Monday, March 20, 2006
First day onsite at Pratt & Whitney today, with meetings and danish for all. We got a sense of what is going on from lots of people who know and began to get a sense for the facility and the amount of low-hanging fruit and how low it hangs. We also had lunch and dinner covered by a big company, logged in from our private conference room to the corporate intranet, and got a behind-the-scenes tour of upcoming products in the waste-heat recovery and micropower fields at the United Technologies' Research Center. I've grown to enjoy the small-company comraderie and the small-company productivity that make up my comfort zone, but the benefits and resources of a large company have some things going for them.
Logging on tonight from the Fairfield Inn in East Hartford, CT. After a pretty great Sunday in Michigan, I jumped on a plane and flew east. My MAP team is ready for a seriously exhausting, meeting-filled, meta-consulting week onsite at Pratt & Whitney.

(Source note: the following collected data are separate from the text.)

(* In the allocation problem described in the context, let $\eta_1,\ldots,\eta_n$ be speed functions and let $a^\pi$ be the allocation produced by the extended SG mechanism with these speeds when every agent $i$ bids its true list $\pi_i$. Then $a^\pi$ is Pareto optimal: there is no allocation $a$ such that every agent $i$ weakly prefers $a_{i*}$ to $a^\pi_{i*}$ (i.e., $a_{i*}=a^\pi_{i*}$ or $a_{i*}>_i a^\pi_{i*}$) and some agent $i$ has $a_{i*}>_i a^\pi_{i*}$.
   Context: There are $m$ distinct divisible goods; good $j$ is available in amount $q_j>0$. There are $n$ agents; agent $i$ is to receive a total of $r_i>0$, with $\sum_j q_j=\sum_i r_i$. An allocation is a family $a_{ij}\ge 0$ with $\sum_j a_{ij}=r_i$ and $\sum_i a_{ij}=q_j$; $a_{i*}=(a_{i1},\ldots,a_{im})$ is agent $i$'s share. Each agent $i$ has a true preference list $\pi_i$, a permutation of the goods ($\pi_i(1)$ most preferred). Agent $i$ prefers $a_{i*}$ to $b_{i*}$, written $a_{i*}>_i b_{i*}$, if the leftmost nonzero coordinate of $(a_{i\pi_i(\ell)}-b_{i\pi_i(\ell)})_{\ell=1}^m$ is positive. A speed function for agent $i$ is a nonnegative integrable function $\eta_i:[0,1]\to\mathbb{R}_{\ge 0}$ with $\int_0^1\eta_i(t)\,dt=r_i$. The extended SG mechanism with speeds $\eta_1,\ldots,\eta_n$: each agent $i$ bids a permutation $\sigma_i$ of the goods; over time $t\in[0,1]$, each agent $i$ receives, at rate $\eta_i(t)$, the good highest in $\sigma_i$ among those not yet exhausted (a good is exhausted when the total amount handed out equals $q_j$; several agents may receive a good simultaneously; upon exhaustion, agents receiving it switch to their next non-exhausted good). The resulting allocation records the total amount of each good each agent receives. *)

theory Defs
  imports "HOL-Analysis.Analysis"
begin

text \<open>Agents are 0..n-1, goods are 0..m-1. A preference list / bid is a function
  p :: nat => nat with p l = the good ranked l (rank 0 = most preferred), a bijection
  of {..<m}.\<close>

definition is_allocation :: "nat \<Rightarrow> nat \<Rightarrow> (nat \<Rightarrow> real) \<Rightarrow> (nat \<Rightarrow> real)
    \<Rightarrow> (nat \<Rightarrow> nat \<Rightarrow> real) \<Rightarrow> bool" where
  "is_allocation n m q r a \<longleftrightarrow>
     (\<forall>i<n. \<forall>j<m. a i j \<ge> 0) \<and>
     (\<forall>i<n. (\<Sum>j<m. a i j) = r i) \<and>
     (\<forall>j<m. (\<Sum>i<n. a i j) = q j)"
(* Let $\lambda>0$, $\gamma>0$, $\Delta>0$, and let $\{\Omega_1,\dots,\Omega_N\}$ be a finite $\Delta$-partition of $\Omega$. Let $$B_p^\gamma(r)=\{x\in B_p(r):\|x(\xi)\|\le\gamma\ \forall\xi\in\Omega\}$$ and $$B_p^{\gamma,\Delta}(r)=\{x\in B_p^\gamma(r):\ x\text{ is constant on each }\Omega_i,\ i=1,\dots,N\}.$$ Let $\mathcal{F}_p^{\lambda,\gamma}(r)=\{F_\lambda(x):x\in B_p^\gamma(r)\}$ and $\mathcal{F}_p^{\lambda,\gamma,\Delta}(r)=\{F_\lambda(x):x\in B_p^{\gamma,\Delta}(r)\}$. Then $$h_q\big(\mathcal{F}_p^{\lambda,\gamma}(r),\mathcal{F}_p^{\lambda,\gamma,\Delta}(r)\big)\le 2r[\mu(\Omega)]^{2/q}\omega_\lambda(\Delta).$$
   Context: Let $k,m,n\ge 1$ be integers and let $\Omega\subset\mathbb{R}^k$ be a compact set. Let $\mu$ denote Lebesgue measure. Let $p>1$, let $q$ satisfy $1/p+1/q=1$, and let $r>0$. $\|\cdot\|$ denotes the Euclidean norm on vectors and the Euclidean (Frobenius) norm on $m\times n$ matrices. $L_p(\Omega;\mathbb{R}^n)$ is the space of Lebesgue measurable $x:\Omega\to\mathbb{R}^n$ with $\|x\|_p=(\int_\Omega\|x(s)\|^p\,ds)^{1/p}<\infty$, and $B_p(r)=\{x\in L_p(\Omega;\mathbb{R}^n):\|x\|_p\le r\}$. $K_\lambda:\Omega\times\Omega\to\mathbb{R}^{m\times n}$ is a continuous function. Set $F_\lambda(x)(\xi)=\int_\Omega K_\lambda(\xi,s)x(s)\,ds$. Set $\omega_\lambda(\Delta)=\max\{\|K_\lambda(\xi,s_2)-K_\lambda(\xi,s_1)\|:\xi,s_1,s_2\in\Omega,\ \|s_2-s_1\|\le\Delta\}$. A finite $\Delta$-partition of $\Omega$ is a finite family of pairwise disjoint Lebesgue measurable subsets of $\Omega$ with union $\Omega$, each of diameter at most $\Delta$. $h_q$ denotes the Hausdorff distance in $L_q(\Omega;\mathbb{R}^m)$. *)

theory Defs
  imports "HOL-Analysis.Analysis"
begin

definition Lp_pow_integral :: "real \<Rightarrow> 'a::euclidean_space set \<Rightarrow> ('a \<Rightarrow> 'b::real_normed_vector) \<Rightarrow> ennreal" where
  "Lp_pow_integral p \<Omega> x = (\<integral>\<^sup>+ s. ennreal (indicator \<Omega> s * norm (x s) powr p) \<partial>lebesgue)"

Here's my wierd human observation of the day: for some reason it is really gratifying to see people you know at the airport. I don't know if it is self-validation or what, but even if I can only identify them as "that professor we had at MLP" there's some kind of excitement that stems from a sighting of a familiar face.

Sunday, March 19, 2006
It wasn't a Saturday that started off that well, getting up on a sunny day off and trucking down to Ross for a TMI module. Value stream mapping proved to be pretty useful but I just can't get into spending five hours in a windowless room on the weekend.

We planned on going to Madras Marsala and then a Briarwood Dollar movie, but walking from the garage to Madras we swung by the Michigan Theater and asked - just in passing - if there had been any returned tickets for the Ben Folds concert that sold out in 40 minutes when tickets went on sale last month. As it turned out there were a couple of tickets, seven rows back and dead center, available for the show. Ben was in the midst of "You to Thank" when we walked in and didn't let up until the lights went up after an encore two hours later. Sara spelled without an 'h' was getting bored, on a Peavey amp in 1984.....

Friday, March 17, 2006
Time for the reinforcin o' the stereotypes! I was riding the Commuter South bus this morning and passed some suspender-wearing, plastic hat-topped revelers on East U who were clearly well into the festivities despite the hour: 9 AM.

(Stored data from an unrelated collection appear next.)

lemma T_phi_in_unit_cube:
  fixes X :: "'n::finite \<Rightarrow> 'n \<Rightarrow> real"
  assumes X: "X \<in> T_phi \<mu> \<nu> \<phi>" and "prob_vec \<mu>" and "(i::'n) \<noteq> j"
  shows "X k l \<in> {0<..<1}"
proof -
  have pos: "0 < X k m" for m using X by (auto simp: T_phi_def split: if_splits)
  obtain m where "m \<noteq> l" using \<open>i \<noteq> j\<close> by metis
  then have "X k l + X k m \<le> 1"
    using X assms(2) by (intro transport_polytope_row_pair_le_one) (auto simp: T_phi_def split: if_splits)
  with pos[of l] pos[of m] show ?thesis by simp
qed

lemma finite_abs_entries:
  fixes M :: "'n::finite \<Rightarrow> 'n \<Rightarrow> real"
  shows "finite {\<bar>M i j\<bar> | i j. True}"
proof -
  have "{\<bar>M i j\<bar> | i j. True} = (\<lambda>(i, j). \<bar>M i j\<bar>) ` UNIV" by auto
  then show ?thesis by simp
qed

lemma abs_le_max_norm: "\<bar>M i j\<bar> \<le> max_norm M"
  unfolding max_norm_def by (rule Max_ge[OF finite_abs_entries]) auto

lemma max_norm_nonneg: "0 \<le> max_norm M"
  using abs_le_max_norm[of M undefined undefined] by linarith

lemma max_norm_le:
  assumes "\<And>i j. \<bar>M i j\<bar> \<le> b"
  shows "max_norm M \<le> b"
  unfolding max_norm_def using assms by (subst Max_le_iff[OF finite_abs_entries]) auto

lemma max_norm_G_phi_diff_le:
  assumes "0 \<le> \<gamma>"
  shows "max_norm (\<lambda>i j. G_phi \<gamma> \<phi> X i j - G_phi \<gamma> \<phi> Y i j)
    \<le> 2 * \<gamma> * max_norm (\<lambda>i j. dphi \<phi> (X i j) - dphi \<phi> (Y i j))"
proof (rule max_norm_le)
  fix i j
  define \<Delta> where "\<Delta> k l = dphi \<phi> (X k l) - dphi \<phi> (Y k l)" for k l
  have diff: "G_phi \<gamma> \<phi> X i j - G_phi \<gamma> \<phi> Y i j = \<gamma> / 2 * (\<Delta> i i + \<Delta> j j - \<Delta> i j - \<Delta> j i)"
    by (simp add: G_phi_def \<Delta>_def algebra_simps)
  have "\<bar>G_phi \<gamma> \<phi> X i j - G_phi \<gamma> \<phi> Y i j\<bar> = \<gamma> / 2 * \<bar>\<Delta> i i + \<Delta> j j - \<Delta> i j - \<Delta> j i\<bar>"
    unfolding diff abs_mult using assms by simp
  also have "\<dots> \<le> \<gamma> / 2 * (4 * max_norm \<Delta>)"
    using abs_le_max_norm[of \<Delta> i i] abs_le_max_norm[of \<Delta> j j]
      abs_le_max_norm[of \<Delta> i j] abs_le_max_norm[of \<Delta> j i] assms
    by (intro mult_left_mono) auto
  finally show "\<bar>G_phi \<gamma> \<phi> X i j - G_phi \<gamma> \<phi> Y i j\<bar> \<le> 2 * \<gamma> * max_norm \<Delta>" by simp
qed

theorem proposition4:
  fixes \<mu> \<nu> :: "'n::finite \<Rightarrow> real" and \<gamma> :: real and \<phi> :: "real \<Rightarrow> ereal"
    and Xh Xt Ch Ct :: "'n \<Rightarrow> 'n \<Rightarrow> real"
  assumes "prob_vec \<mu>" and "prob_vec \<nu>" and "\<gamma> > 0"
    and "bregman_assumption \<phi>" and "dphi0_minf \<phi>"
    and "Xh \<in> U_phi \<mu> \<nu> \<gamma> \<phi>" and "Xt \<in> U_phi \<mu> \<nu> \<gamma> \<phi>"
    and "Ch \<in> S_h" and "Ct \<in> S_h"
    and "Fmap \<mu> \<nu> \<gamma> \<phi> Ch = {Xh}" and "Fmap \<mu> \<nu> \<gamma> \<phi> Ct = {Xt}"
  shows "max_norm (\<lambda>i j. Ch i j - Ct i j)
           \<le> 2 * \<gamma> * max_norm (\<lambda>i j. dphi \<phi> (Xh i j) - dphi \<phi> (Xt i j))"
proof (cases "\<exists>i j :: 'n. i \<noteq> j")
  case True
  then obtain i j :: 'n where "i \<noteq> j" by blast
  have "\<forall>k l. Xh k l \<in> {0<..<1}" "\<forall>k l. Xt k l \<in> {0<..<1}"
    using assms(6,7) T_phi_in_unit_cube[OF _ assms(1) \<open>i \<noteq> j\<close>] by (auto simp: U_phi_def)
  then have "Ch = G_phi \<gamma> \<phi> Xh" "Ct = G_phi \<gamma> \<phi> Xt"
    using Fmap_in_unit_cube_eq_G_phi assms(4,8-11) by blast+
  then show ?thesis using max_norm_G_phi_diff_le[of \<gamma> \<phi> Xh Xt] assms(3) by simp
next
  case False
  then have "Ch i j - Ct i j = 0" for i j
    using assms(8,9) by (simp add: S_h_def) (metis diff_self)
  then show ?thesis
    using assms(3) by (intro max_norm_le) (simp add: max_norm_nonneg)
qed

end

I was riding the bus to school, but also to the ticket office where I picked up hockey tickets for tonight and was astounded by the line for NIT tickets. Apparently there are quite a few people who are a) not embarrassed to be in the NIT, b) not working at 9:05 on a Friday morning, and c) not ashamed to line up on St. Patrick's Day to buy tickets for a contest in which they'll cheer wildly for Michigan to beat the ever-living snot out of Notre Dame in basketball.

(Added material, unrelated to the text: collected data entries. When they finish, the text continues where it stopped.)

definition pen :: "('m \<Rightarrow> real^'n^'n) \<Rightarrow> ('m \<Rightarrow> real^'n) \<Rightarrow> real^'n \<Rightarrow> real^'m \<Rightarrow> real" where
  "pen A b y \<theta> = (\<Sum>j\<in>UNIV. \<theta>$j * (norm (mutheta A b y \<theta> - muj A b y j))\<^sup>2)"

definition Hpen :: "('m \<Rightarrow> real^'n^'n) \<Rightarrow> ('m \<Rightarrow> real^'n) \<Rightarrow> real^'n \<Rightarrow> real \<Rightarrow> real^'m \<Rightarrow> real" where
  "Hpen A b y sigma2 \<theta> = (norm (mutheta A b y \<theta>))\<^sup>2 - 2 * (y \<bullet> mutheta A b y \<theta>)
     + 2 * sigma2 * trace (Amix A \<theta>) + pen A b y \<theta> / 2"

definition Vpen :: "('m \<Rightarrow> real^'n^'n) \<Rightarrow> ('m \<Rightarrow> real^'n) \<Rightarrow> real^'n \<Rightarrow> real \<Rightarrow> real^'m \<Rightarrow> real^'m \<Rightarrow> real" where
  "Vpen A b y sigma2 \<pi> \<theta> = Hpen A b y sigma2 \<theta> + 46 * sigma2 * (\<Sum>j\<in>UNIV. \<theta>$j * ln (1 / \<pi>$j))"

definition Wpen :: "('m \<Rightarrow> real^'n^'n) \<Rightarrow> ('m \<Rightarrow> real^'n) \<Rightarrow> real^'n \<Rightarrow> real \<Rightarrow> real^'m \<Rightarrow> real" where
  "Wpen A b y sigmahat2 \<theta> = (norm (mutheta A b y \<theta>))\<^sup>2 - 2 * (y \<bullet> mutheta A b y \<theta>)
     + 2 * sigmahat2 * trace (Amix A \<theta>) + pen A b y \<theta> / 2"

definition Ufun :: "('m \<Rightarrow> real^'n^'n) \<Rightarrow> ('m \<Rightarrow> real^'n) \<Rightarrow> real^'n \<Rightarrow> real \<Rightarrow> real^'m \<Rightarrow> real^'m \<Rightarrow> real" where
  "Ufun A b y Khat2 \<pi> \<theta> = (norm (mutheta A b y \<theta>))\<^sup>2 - 2 * (y \<bullet> mutheta A b y \<theta>)
     + pen A b y \<theta> / 2 + 32 * Khat2 * (\<Sum>j\<in>UNIV. \<theta>$j * ln (1 / \<pi>$j))"

end

theory Submission
  imports Defs
begin

text \<open>Each criterion equals, on all of R^M, (\<Sum>j. \<theta>_j) |\<mu>_\<theta>|^2 / 2 + \<Sum>j. \<theta>_j c_j with
  \<theta> \<mapsto> \<mu>_\<theta> linear. On the hyperplane \<Sum>j. \<theta>_j = 1 its second-order Taylor expansion is
  therefore exact, with remainder |\<mu>_\<theta> - \<mu>_\<theta>0|^2 / 2 \<ge> 0. Hence F lies above its tangent
  planes on the simplex, which gives convexity; and at a minimizer the linear term is
  nonnegative in every feasible direction, since otherwise a short step along that direction
  would decrease F, which leaves the quadratic remainder as a lower bound.\<close>

lemma nonneg_if_nonneg_perturbations:
  fixes D C :: real
  assumes "\<And>t. 0 < t \<Longrightarrow> t \<le> 1 \<Longrightarrow> 0 \<le> D + t * C"
  shows "0 \<le> D"
proof (rule ccontr)
  assume "\<not> 0 \<le> D"
  define t where "t = min 1 (- D / (2 * (\<bar>C\<bar> + 1)))"
  have t: "0 < t" "t \<le> 1" using \<open>\<not> 0 \<le> D\<close> by (auto simp: t_def divide_neg_pos add_pos_nonneg)
  have "t * C \<le> t * \<bar>C\<bar>" using t by (simp add: mult_left_mono)
  also have "\<dots> \<le> - D / (2 * (\<bar>C\<bar> + 1)) * \<bar>C\<bar>"
    by (rule mult_right_mono) (simp_all add: t_def)
  also have "\<dots> < - D"
  proof -
    have "D * \<bar>C\<bar> \<le> 0" using \<open>\<not> 0 \<le> D\<close> by (simp add: mult_nonpos_nonneg)
    then show ?thesis using \<open>\<not> 0 \<le> D\<close> by (simp add: field_simps)
  qed
  finally show False using assms[OF t] by linarith
qed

Due to our sponsor's apparent Irish heritage there is no conference call today and the morning MAP meeting was gleefully, blissfully, productively short. That has left time for 'data mining' as I call it and a little of this and that online besides.

Yesterday after MAP call I went to Hale for the launch of the new iMpact, which is our online realm here at Ross. The new iMpact is a collaboration with iTunes and is pretty neat, but I'm scared at how excited people are to go virtual at school. A U-M computing services survey focused on the idea of technology replacing attendance went out this week, too. Tech is great if it takes a subordinate, supporting role: I want crisp overheads, inline videos, interactive websites, and central repositories for information. Tech is a ripoff if it replaces the classroom experience; any university can take tens of thousands of dollars and turn it into a stellar website, but I want to get a decent website, stellar professors, and lasting peer relationships from my thousands of frosties.

Thursday, March 16, 2006
Today is the 950th post to BrownCow - a milestone is approaching, but given the non-milestonic nature of '950' I thought today might best be served with an average post. Life-details aren't really all that interesting at this precise moment, so maybe this would be a good chance for closure on the Dubai Port World thing.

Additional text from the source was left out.